If preferable I can leave out the vmapple/MMIO device variant (the
-vmapple.m file) until the rest of the vmapple machine type modifications
are ready. There still appears to be some kind of interrupt delivery issue
with some devices on vmapple, so USB HID events are very slow. Or I can
submit it as is if that’s not a dealbreaker. (How do I handle Alex’
unmodified patches though, as git send-email tries to send them from the
patch author’s email address, which means the email rapidly gets shot down
by DKIM mismatch or whatever?)

Thanks,
Phil
Akihiko Odaki July 20, 2024, 4:06 p.m. UTC | #3
On 2024/07/21 0:16, Phil Dennis-Jordan wrote:
> 
> 
> On Sat 20. Jul 2024 at 16:42, Akihiko Odaki <akihiko.odaki@daynix.com 
> <mailto:akihiko.odaki@daynix.com>> wrote:
> 
> 
>      > It also became clear in out-of-band communication that Alexander
>     would
>      > probably not end up having the time to see the patch through to
>     inclusion,
>      > and was happy for me to start making changes and to integrate my
>     PCI code.
> 
>     I think you also need to take over the base vmapple change because PVG
>     cannot be tested without it; Only macOS can use PVG, and macOS requires
>     vmapple in my understanding.
> 
> 
> The PCI device variant works fine with x86-64 macOS as the guest system. 
> (Or technically any UEFI based guest as the bootrom comes with a UEFI 
> frame buffer driver; it just won’t have any acceleration features unless 
> you boot macOS.)

I tried apple-gfx-pci with AArch64 and x86-64 EDK firmware on M2 MacBook 
Air, but it didn't work. I guess the bootrom does not work with Apple 
Silicon.

> 
> If preferable I can leave out the vmapple/MMIO device variant (the 
> -vmapple.m file) until the rest of the vmapple machine type 
> modifications are ready. There still appears to be some kind of 
> interrupt delivery issue with some devices on vmapple, so USB HID events 
> are very slow. Or I can submit it as is if that’s not a dealbreaker.

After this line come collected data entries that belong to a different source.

text \<open>Fix a valuation and let A b say that \<psi>, with p set to b, holds for some values of Y.
  Both left-hand sides evaluate to A applied to the value of the quantified formula. On the
  right-hand side, the copies xp x hold a candidate assignment g to X with p \<longleftrightarrow> \<phi>[X := g],
  and the universally chosen copies xm x form a default that g must follow whenever the
  guard is active. For \<exists>X \<phi>: if it is true, the opponent can pick a satisfying default, so p
  cannot be false; if it is false, p = \<phi>[X := g] is false for every g. Dually for \<forall>X \<phi>.\<close>

lemma override_on_eq_self_iff: "override_on f g A = g \<longleftrightarrow> (\<forall>a. a \<notin> A \<longrightarrow> g a = f a)"
  by (auto simp: override_on_def fun_eq_iff)

lemma override_on_override_on_same: "override_on f (override_on f g A) A = override_on f g A"
  by (simp add: override_on_def fun_eq_iff)

lemma override_on_cong: "(\<And>a. a \<in> A \<Longrightarrow> g a = g' a) \<Longrightarrow> override_on f g A = override_on f g' A"
  by (simp add: override_on_def fun_eq_iff)

lemma ex_override_on_fixed_iff: "(\<exists>g. override_on f g A = g \<and> P g) \<longleftrightarrow> (\<exists>g. P (override_on f g A))"
  by (metis override_on_override_on_same)

lemma all_override_on_fixed_iff: "(\<forall>g. override_on f g A = g \<longrightarrow> P g) \<longleftrightarrow> (\<forall>g. P (override_on f g A))"
  by (metis override_on_override_on_same)

lemma free_subset_var: "free \<phi> \<subseteq> var \<phi>"
  by (induction \<phi>) auto

lemma eval_Ex_override_on: "eval V (Ex X \<phi>) = (\<exists>U. eval (override_on V U X) \<phi>)"
proof -
  have "eval V (Ex X \<phi>) = (\<exists>V'. override_on V V' X = V' \<and> eval V' \<phi>)"
    by (simp add: override_on_eq_self_iff)
  also have "\<dots> = (\<exists>U. eval (override_on V U X) \<phi>)"
    by (rule ex_override_on_fixed_iff)
  finally show ?thesis .
qed

lemma eval_All_override_on: "eval V (All X \<phi>) = (\<forall>U. eval (override_on V U X) \<phi>)"
proof -
  have "eval V (All X \<phi>) = (\<forall>V'. override_on V V' X = V' \<longrightarrow> eval V' \<phi>)"
    by (simp add: override_on_eq_self_iff)
  also have "\<dots> = (\<forall>U. eval (override_on V U X) \<phi>)"
    by (rule all_override_on_fixed_iff)
  finally show ?thesis .
qed

lemma eval_cong: "(\<And>q. q \<in> free \<phi> \<Longrightarrow> V q = V' q) \<Longrightarrow> eval V \<phi> = eval V' \<phi>"
proof (induction \<phi> arbitrary: V V')
  case (Op f args)
  have "eval V a = eval V' a" if "a \<in> set args" for a
    by (rule Op.IH[OF that]) (use that Op.prems in auto)
  then show ?case by (simp cong: map_cong)
next
  case (Ex X \<phi>)
  then show ?case
    unfolding eval_Ex_override_on by (intro ex_cong1 Ex.IH) (simp add: override_on_def)
next
  case (All X \<phi>)
  then show ?case
    unfolding eval_All_override_on by (intro all_cong1 All.IH) (simp add: override_on_def)
qed simp

lemma subst_id: "(\<And>q. q \<in> free \<phi> \<Longrightarrow> \<sigma> q = Var q) \<Longrightarrow> subst \<phi> \<sigma> = \<phi>"
  by (induction \<phi> arbitrary: \<sigma>) (auto intro!: map_idI)

lemma eval_subst_binder:
  assumes IH: "\<And>V \<tau>. (\<And>q. q \<in> free \<phi> \<Longrightarrow> \<tau> q = Var q \<or> free (\<tau> q) \<inter> var \<phi> = {}) \<Longrightarrow>
      eval V (subst \<phi> \<tau>) = eval (\<lambda>q. eval V (\<tau> q)) \<phi>"
    and \<sigma>: "\<And>q. q \<in> free \<phi> - X \<Longrightarrow> \<sigma> q = Var q \<or> free (\<sigma> q) \<inter> (X \<union> var \<phi>) = {}"
  shows "eval (override_on V U X) (subst \<phi> (\<lambda>q. if q \<in> X then Var q else \<sigma> q)) =
    eval (override_on (\<lambda>q. eval V (\<sigma> q)) U X) \<phi>"
proof -
  have "eval (override_on V U X) (subst \<phi> (\<lambda>q. if q \<in> X then Var q else \<sigma> q)) =
      eval (\<lambda>q. eval (override_on V U X) (if q \<in> X then Var q else \<sigma> q)) \<phi>"
    by (rule IH) (use \<sigma> in auto)
  also have "\<dots> = eval (override_on (\<lambda>q. eval V (\<sigma> q)) U X) \<phi>"
  proof (rule eval_cong)
    fix q assume "q \<in> free \<phi>"
    show "eval (override_on V U X) (if q \<in> X then Var q else \<sigma> q) =
        override_on (\<lambda>q. eval V (\<sigma> q)) U X q"
    proof (cases "q \<in> X")
      case False
      have "\<sigma> q = Var q \<or> free (\<sigma> q) \<inter> (X \<union> var \<phi>) = {}"
        using \<sigma> \<open>q \<in> free \<phi>\<close> False by blast
      then have "eval (override_on V U X) (\<sigma> q) = eval V (\<sigma> q)"
      proof (elim disjE)
        assume "free (\<sigma> q) \<inter> (X \<union> var \<phi>) = {}"
        then show ?thesis by (intro eval_cong override_on_apply_notin) blast
      qed (use False in simp)
      then show ?thesis using False by simp
    qed simp
  qed
  finally show ?thesis .
qed

lemma eval_subst:
  "(\<And>q. q \<in> free \<phi> \<Longrightarrow> \<sigma> q = Var q \<or> free (\<sigma> q) \<inter> var \<phi> = {}) \<Longrightarrow>
   eval V (subst \<phi> \<sigma>) = eval (\<lambda>q. eval V (\<sigma> q)) \<phi>"
proof (induction \<phi> arbitrary: V \<sigma>)
  case (Op f args)
  have "eval V (subst a \<sigma>) = eval (\<lambda>q. eval V (\<sigma> q)) a" if "a \<in> set args" for a
    using that Op.prems by (intro Op.IH) auto
  then show ?case by (simp cong: map_cong)
next
  case (Ex X \<phi>)
  then show ?case
    unfolding subst.simps eval_Ex_override_on
    by (intro ex_cong1 eval_subst_binder) auto
next
  case (All X \<phi>)
  then show ?case
    unfolding subst.simps eval_All_override_on
    by (intro all_cong1 eval_subst_binder) auto
qed simp

lemma eval_fun_upd_notin_free: "p \<notin> free \<phi> \<Longrightarrow> eval (V(p := b)) \<phi> = eval V \<phi>"
  by (rule eval_cong, rule fun_upd_other) blast

lemma subst_subst1_notin_free: "p \<notin> free \<phi> \<Longrightarrow> subst \<phi> (subst1 p \<chi>) = \<phi>"
  by (rule subst_id) (auto simp: subst1_def)

lemma eval_subst1_unquantified:
  "unquantified p \<psi> \<Longrightarrow> eval V (subst \<psi> (subst1 p \<chi>)) = eval (V(p := eval V \<chi>)) \<psi>"
proof (induction \<psi> arbitrary: V)
  case (Op f args)
  have "eval V (subst a (subst1 p \<chi>)) = eval (V(p := eval V \<chi>)) a" if "a \<in> set args" for a
    using that Op.prems by (intro Op.IH) auto
  then have "map (\<lambda>a. eval V (subst a (subst1 p \<chi>))) args = map (eval (V(p := eval V \<chi>))) args"
    by (rule map_cong[OF refl])
  then show ?case by (simp only: subst.simps eval.simps map_map comp_def)
next
  case (Ex X \<phi>)
  then have "p \<notin> free (Ex X \<phi>)"
    using free_subset_var by fastforce
  then show ?case by (simp only: subst_subst1_notin_free eval_fun_upd_notin_free not_False_eq_True)
next
  case (All X \<phi>)
  then have "p \<notin> free (All X \<phi>)"
    using free_subset_var by fastforce
  then show ?case by (simp only: subst_subst1_notin_free eval_fun_upd_notin_free not_False_eq_True)
qed (simp add: subst1_def)
lemma card_multipliers_le_order:
  assumes "l \<noteq> 0" and "multipliers a \<noteq> {}"
  shows "finite (multipliers a)" and "card (multipliers a) \<le> order (cis a) crit_poly"
proof -
  show "finite (multipliers a)"
    unfolding multipliers_def using N_pos[of a] by (intro card_common_roots_le) simp
  from assms(2) obtain \<mu> where \<mu>: "\<mu> \<in> multipliers a"
    by blast
  then have order_pos: "1 \<le> order (cis a) crit_poly"
    using poly_crit_poly_eq_0 crit_poly_nonzero[OF assms(1)] by (simp add: order_root Suc_le_eq)
  have card_le: "card (multipliers a) \<le> (if K a = 0 then 2 else 1)"
    unfolding multipliers_def using N_pos[of a] by (intro card_common_roots_le) simp
  show "card (multipliers a) \<le> order (cis a) crit_poly"
  proof (cases "K a = 0")
    case True
    with \<mu> have "poly M_poly (cis a) = 0" "poly K_poly (cis a) = 0"
      by (simp_all add: multipliers_def poly_M_poly poly_K_poly)
    then have "[:- cis a, 1:]\<^sup>2 dvd crit_poly"
      unfolding crit_poly_def by (rule elim_poly_double_root)
    then have "2 \<le> order (cis a) crit_poly"
      using crit_poly_nonzero[OF assms(1)] order_divides by blast
    with True card_le show ?thesis
      by simp
  next
    case False
    with card_le order_pos show ?thesis
      by simp
  qed
qed

lemma noncollision_fibre_bound:
  fixes f1 :: real
  assumes "l \<noteq> 0"
  defines "B \<equiv> {f2. (f1, f2) \<in> crit_points p1 p2 e1 e2 om2 \<and> dist2 p1 p2 e1 e2 om2 f1 f2 \<noteq> 0}"
  shows "finite B \<and> card B \<le> order (cis f1) crit_poly"
proof (cases "B = {}")
  case False
  let ?h = "\<lambda>b. (cos (b + om2), sin (b + om2))"
  let ?g = "\<lambda>\<mu>. (\<mu> * (cos f1 + e1) - k, \<mu> * sin f1 - l)"
  have inj: "inj_on ?h B"
    by (rule inj_on_subset[OF inj_on_cos_sin_add]) (auto simp: B_def crit_points_def)
  have image: "?h ` B \<subseteq> ?g ` multipliers f1"
  proof
    fix x
    assume "x \<in> ?h ` B"
    then obtain b where "x = ?h b" "crit_point p1 p2 e1 e2 om2 f1 b" "dist2 p1 p2 e1 e2 om2 f1 b \<noteq> 0"
      by (auto simp: B_def crit_points_def)
    then show "x \<in> ?g ` multipliers f1"
      by (metis (no_types, lifting) noncollision_crit_pointE image_eqI)
  qed
  with False have "multipliers f1 \<noteq> {}"
    by blast
  note multipliers = card_multipliers_le_order[OF assms(1) this]
  have "finite (?h ` B)"
    using image multipliers(1) by (blast intro: finite_subset)
  then have "finite B"
    using inj by (rule finite_imageD)
  have "card B = card (?h ` B)"
    using inj by (rule card_image[symmetric])
  also have "\<dots> \<le> card (?g ` multipliers f1)"
    using image multipliers(1) by (intro card_mono) auto
  also have "\<dots> \<le> card (multipliers f1)"
    by (rule card_image_le[OF multipliers(1)])
  finally show ?thesis
    using \<open>finite B\<close> multipliers(2) by simp
qed simp

lemma noncollision_crit_points_bound:
  assumes "l \<noteq> 0"
  defines "S \<equiv> {(f1, f2) \<in> crit_points p1 p2 e1 e2 om2. dist2 p1 p2 e1 e2 om2 f1 f2 \<noteq> 0}"
  shows "finite S \<and> card S \<le> 10"
proof -
  have "finite S \<and> card S \<le> degree crit_poly"
  proof (rule finite_card_le_degree_by_fibres[OF crit_poly_nonzero[OF assms(1)]])
    show "inj_on cis (fst ` S)"
      by (rule inj_on_subset[OF inj_on_cis_atLeastLessThan_2pi]) (auto simp: S_def crit_points_def)
    show "poly crit_poly (cis a) = 0" if "(a, b) \<in> S" for a b
      using that by (auto simp: S_def crit_points_def elim: noncollision_crit_pointE intro: poly_crit_poly_eq_0)
    show "finite {b. (a, b) \<in> S} \<and> card {b. (a, b) \<in> S} \<le> order (cis a) crit_poly" for a
      using noncollision_fibre_bound[OF assms(1), of a] by (simp add: S_def)
  qed
  with degree_crit_poly show ?thesis
    by simp
qed

definition G_poly :: "complex poly" where "G_poly = trig_lin_poly (p1 - p2) (p1 * k - p2 * e1) (p1 * l)"

lemma poly_G_poly: "poly G_poly (cis a) = cis a * of_real (G a)"
  by (simp add: G_poly_def G_def poly_trig_lin_poly_cis)

lemma collisions_bound:
  assumes "l \<noteq> 0"
  defines "T \<equiv> {(f1, f2). f1 \<in> {0..<2 * pi} \<and> f2 \<in> {0..<2 * pi} \<and> dist2 p1 p2 e1 e2 om2 f1 f2 = 0}"
  shows "finite T \<and> card T \<le> 2"
proof -
  have G_poly_nonzero: "G_poly \<noteq> 0"
    using assms(1) p1_pos by (simp add: G_poly_def trig_lin_poly_eq_0_iff)
  have root: "poly G_poly (cis a) = 0" if "(a, b) \<in> T" for a b
    using that collisionD(3)[of a b] by (simp add: T_def poly_G_poly)
  have "finite T \<and> card T \<le> degree G_poly"
  proof (rule finite_card_le_degree_by_fibres[OF G_poly_nonzero _ root])
    show "inj_on cis (fst ` T)"
      by (rule inj_on_subset[OF inj_on_cis_atLeastLessThan_2pi]) (auto simp: T_def)
    show "finite {b. (a, b) \<in> T} \<and> card {b. (a, b) \<in> T} \<le> order (cis a) G_poly"
      if "a \<in> fst ` T" for a
    proof -
      from that obtain b0 where b0: "(a, b0) \<in> T"
        by force
      then have sub: "{b. (a, b) \<in> T} \<subseteq> {b0}"
        by (auto simp: T_def intro: collision_unique)
      have "1 \<le> order (cis a) G_poly"
        using root[OF b0] G_poly_nonzero by (simp add: order_root Suc_le_eq)
      then show ?thesis
        using card_mono[OF _ sub] finite_subset[OF sub] by simp
    qed
  qed
  then show ?thesis
    using degree_trig_lin_poly[of "p1 - p2" "p1 * k - p2 * e1" "p1 * l"] by (simp add: G_poly_def)
qed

The vmapple variant should be omitted for now. It is fine for me to 
submit the vmapple variant with the other vmapple changes as long as 
that behavior is documented.

> (How do I handle Alex’ unmodified patches though, as git send-email 
> tries to send them from the patch author’s email address, which means 
> the email rapidly gets shot down by DKIM mismatch or whatever?)

I think you can set sendemail.from configuration or specify --from option.